Monday, December 06, 2010

Revisit: Rookie Cop: by Richard Rosenthal

Rookie Cop
by Richard Rosenthal

Rookie Cop is Richard Rosenthal's account of his time spent as an undercover police officer embedded in the Jewish Defense League in the early 1970s. Published in 2000 and chronicling the events of the group's early history, the book still serves as an outstanding insider's view of one of this country's most controversial fringe organizations as well as a snapshot of New York's political, cultural and racial climate during the Cold War. The JDL Rosenthal depicts could be both remarkably incompetent and dangerously motivated, with its key figures defiant in their defense of Jewish interests and advocating the types of provocative actions - confrontational sloganeering and protests, bombings, one attempted hijacking - that would eventually land the JDL a spot on the FBI's register of right-wing terrorist sects.

Rosenthal's back story is the stuff of Hollywood; indeed, it's hard to understand how Rookie Cop hasn't yet been adapted to the silver screen. After a four-year stint in the Air Force where he worked as a Russian language specialist followed by an aborted attempt at college, Rosenthal was accepted into the NYPD but didn't receive a single day of training before being recruited for his undercover assignment.
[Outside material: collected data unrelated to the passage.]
definition simple_graph :: "'a set \<Rightarrow> ('a \<Rightarrow> 'a \<Rightarrow> bool) \<Rightarrow> bool" where
  "simple_graph V E \<longleftrightarrow> finite V \<and> (\<forall>x y. E x y \<longrightarrow> x \<in> V \<and> y \<in> V)
     \<and> (\<forall>x y. E x y \<longrightarrow> E y x) \<and> (\<forall>x. \<not> E x x)"

definition reach_in :: "('a \<Rightarrow> 'a \<Rightarrow> bool) \<Rightarrow> 'a set \<Rightarrow> 'a \<Rightarrow> 'a \<Rightarrow> bool" where
  "reach_in E S x y \<longleftrightarrow> x \<in> S \<and> (\<lambda>a b. E a b \<and> a \<in> S \<and> b \<in> S)\<^sup>*\<^sup>* x y"

definition connected_in :: "('a \<Rightarrow> 'a \<Rightarrow> bool) \<Rightarrow> 'a set \<Rightarrow> bool" where
  "connected_in E S \<longleftrightarrow> (\<forall>x\<in>S. \<forall>y\<in>S. reach_in E S x y)"

definition cut_vertex :: "'a set \<Rightarrow> ('a \<Rightarrow> 'a \<Rightarrow> bool) \<Rightarrow> 'a \<Rightarrow> bool" where
  "cut_vertex V E v \<longleftrightarrow> v \<in> V \<and> \<not> connected_in E (V - {v})"

text \<open>Nonseparable vertex set: at least two vertices, connected, and no vertex
  separates it (i.e. a 2-connected induced subgraph or a single edge).\<close>
definition nonsep :: "('a \<Rightarrow> 'a \<Rightarrow> bool) \<Rightarrow> 'a set \<Rightarrow> bool" where
  "nonsep E S \<longleftrightarrow> 2 \<le> card S \<and> finite S \<and> connected_in E S
     \<and> (\<forall>x\<in>S. connected_in E (S - {x}))"

definition is_block :: "'a set \<Rightarrow> ('a \<Rightarrow> 'a \<Rightarrow> bool) \<Rightarrow> 'a set \<Rightarrow> bool" where
  "is_block V E B \<longleftrightarrow> B \<subseteq> V \<and> nonsep E B \<and> (\<forall>S. B \<subset> S \<and> S \<subseteq> V \<longrightarrow> \<not> nonsep E S)"

definition block_tree_vertices :: "'a set \<Rightarrow> ('a \<Rightarrow> 'a \<Rightarrow> bool) \<Rightarrow> ('a set + 'a) set" where
  "block_tree_vertices V E = Inl ` {B. is_block V E B} \<union> Inr ` {v. cut_vertex V E v}"

text \<open>End block: a block that is a leaf of B(G), i.e. contains exactly one cut vertex.\<close>
definition end_block :: "'a set \<Rightarrow> ('a \<Rightarrow> 'a \<Rightarrow> bool) \<Rightarrow> 'a set \<Rightarrow> bool" where
  "end_block V E B \<longleftrightarrow> is_block V E B \<and> card {v\<in>B. cut_vertex V E v} = 1"

text \<open>Cops and robber with an infinitely fast robber.
  A position is (cop positions as a list, robber vertex), cops to move,
  robber not on a cop.  cops_win_from cs r: cops can force capture in finitely many rounds
  (least fixed point = attractor of the reachability game).\<close>
inductive cops_win_from :: "'a set \<Rightarrow> ('a \<Rightarrow> 'a \<Rightarrow> bool) \<Rightarrow> 'a list \<Rightarrow> 'a \<Rightarrow> bool"
  for V E where
  step: "list_all2 (\<lambda>c c'. c' = c \<or> E c c') cs cs' \<Longrightarrow>
         (r \<in> set cs' \<or> (\<forall>r'. reach_in E (V - set cs') r r' \<longrightarrow> cops_win_from V E cs' r'))
         \<Longrightarrow> cops_win_from V E cs r"

definition cops_win :: "'a set \<Rightarrow> ('a \<Rightarrow> 'a \<Rightarrow> bool) \<Rightarrow> nat \<Rightarrow> bool" where
  "cops_win V E k \<longleftrightarrow> (\<exists>cs. length cs = k \<and> set cs \<subseteq> V \<and>
      (\<forall>r\<in>V - set cs. cops_win_from V E cs r))"

definition c_inf :: "'a set \<Rightarrow> ('a \<Rightarrow> 'a \<Rightarrow> bool) \<Rightarrow> nat" where
  "c_inf V E = (LEAST k. cops_win V E k)"

end

theory Submission
  imports Defs
begin

text \<open>Let \<open>D = B - {u}\<close>. Every vertex of \<open>D\<close> has all its neighbours in \<open>B\<close>: a
  neighbour \<open>w\<close> outside \<open>B\<close> of some \<open>b \<in> D\<close> could, because \<open>b\<close> is not a cut vertex, be
  joined back to \<open>B - {b}\<close> outside \<open>B\<close>, and an inclusion-minimal such connection would
  enlarge the block to a bigger nonseparable set. So the only exit of \<open>D\<close> is \<open>u\<close>, which is
  adjacent to all of \<open>D\<close>. Cops playing a winning strategy of \<open>H\<close> in \<open>G\<close> chase the robber's
  shadow, which is \<open>u\<close> while the robber is in \<open>D\<close> and the robber herself otherwise. When the
  shadow is caught at \<open>u\<close> with the robber in \<open>D\<close>, the cop on \<open>u\<close> confines her to \<open>D\<close> and
  steps onto her in the next round.\<close>

lemma reach_in_induct[consumes 1, case_names base step]:
  assumes "reach_in E S x y" and "x \<in> S \<Longrightarrow> P x"
    and "\<And>y z. reach_in E S x y \<Longrightarrow> E y z \<Longrightarrow> z \<in> S \<Longrightarrow> P y \<Longrightarrow> P z"
  shows "P y"
proof -
  have x: "x \<in> S" and r: "(\<lambda>a b. E a b \<and> a \<in> S \<and> b \<in> S)\<^sup>*\<^sup>* x y"
    using assms(1) unfolding reach_in_def by auto
  from r show ?thesis
  proof (induction rule: rtranclp_induct)
    case base
    then show ?case using assms(2) x by simp
  next
    case (step y z)
    then show ?case using assms(3)[of y z] x unfolding reach_in_def by auto
  qed
qed

lemma reach_in_refl: "x \<in> S \<Longrightarrow> reach_in E S x x"
  by (simp add: reach_in_def)

lemma reach_in_mem: "reach_in E S x y \<Longrightarrow> y \<in> S"
  by (induction rule: reach_in_induct) auto

lemma reach_in_snoc: "reach_in E S x y \<Longrightarrow> E y z \<Longrightarrow> z \<in> S \<Longrightarrow> reach_in E S x z"
  using reach_in_mem[of E S x y] unfolding reach_in_def
  by (auto intro: rtranclp.rtrancl_into_rtrancl)

lemma reach_in_edge: "E x y \<Longrightarrow> x \<in> S \<Longrightarrow> y \<in> S \<Longrightarrow> reach_in E S x y"
  by (rule reach_in_snoc[OF reach_in_refl])

lemma reach_in_trans: assumes "reach_in E S x y" and "reach_in E S y z" shows "reach_in E S x z"
  using assms(2) by (induction rule: reach_in_induct) (auto intro: assms(1) reach_in_snoc)

lemma reach_in_mono: "reach_in E S x y \<Longrightarrow> S \<subseteq> T \<Longrightarrow> reach_in E T x y"
  by (induction rule: reach_in_induct) (auto intro: reach_in_snoc reach_in_refl)

lemma reach_in_sym:
  assumes sym: "symp E" and "reach_in E S x y"
  shows "reach_in E S y x"
  using assms(2)
proof (induction rule: reach_in_induct)
  case base
  then show ?case by (rule reach_in_refl)
next
  case (step y z)
  have "reach_in E S z y"
    using reach_in_edge[of E z y S] sympD[OF sym step(2)] step(3) reach_in_mem[OF step(1)] by blast
  then show ?case using step(4) by (rule reach_in_trans)
qed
Over the ensuing months Rosenthal would essentially play the role of weapons expert, with direct access to the JDL's leader - the "strong willed, determined, and...forceful" Rabbi Meir Kahane - as well as gain and dutifully report to his law enforcement superiors intimate, first-hand knowledge of the JDL's attempts to acquire and, ultimately, utilize, firearms and bomb-making materials.

Through Rosenthal's book we see individuals driven by a narrowly-defined but broadly applied ideology and the steps they would go to defend that ideology. Though the group may have had its fair share of "a bunch of people who were some combination of fools and neurotics," Rosenthal never discounts the JDL's desire to combat its perceived enemies and their policies, particularly the Soviet Union's refusal to allow Jews to emigrate from the Communist nation. While there are actually some humorous moments in which Rosenthal recalls some of the members' almost caricature-like amateurishness - "inept bomb-making attempts, long hours spent with heavily armed paranoids who hadn't a clue how to handle their firearms" - the JDL undeniably meant business.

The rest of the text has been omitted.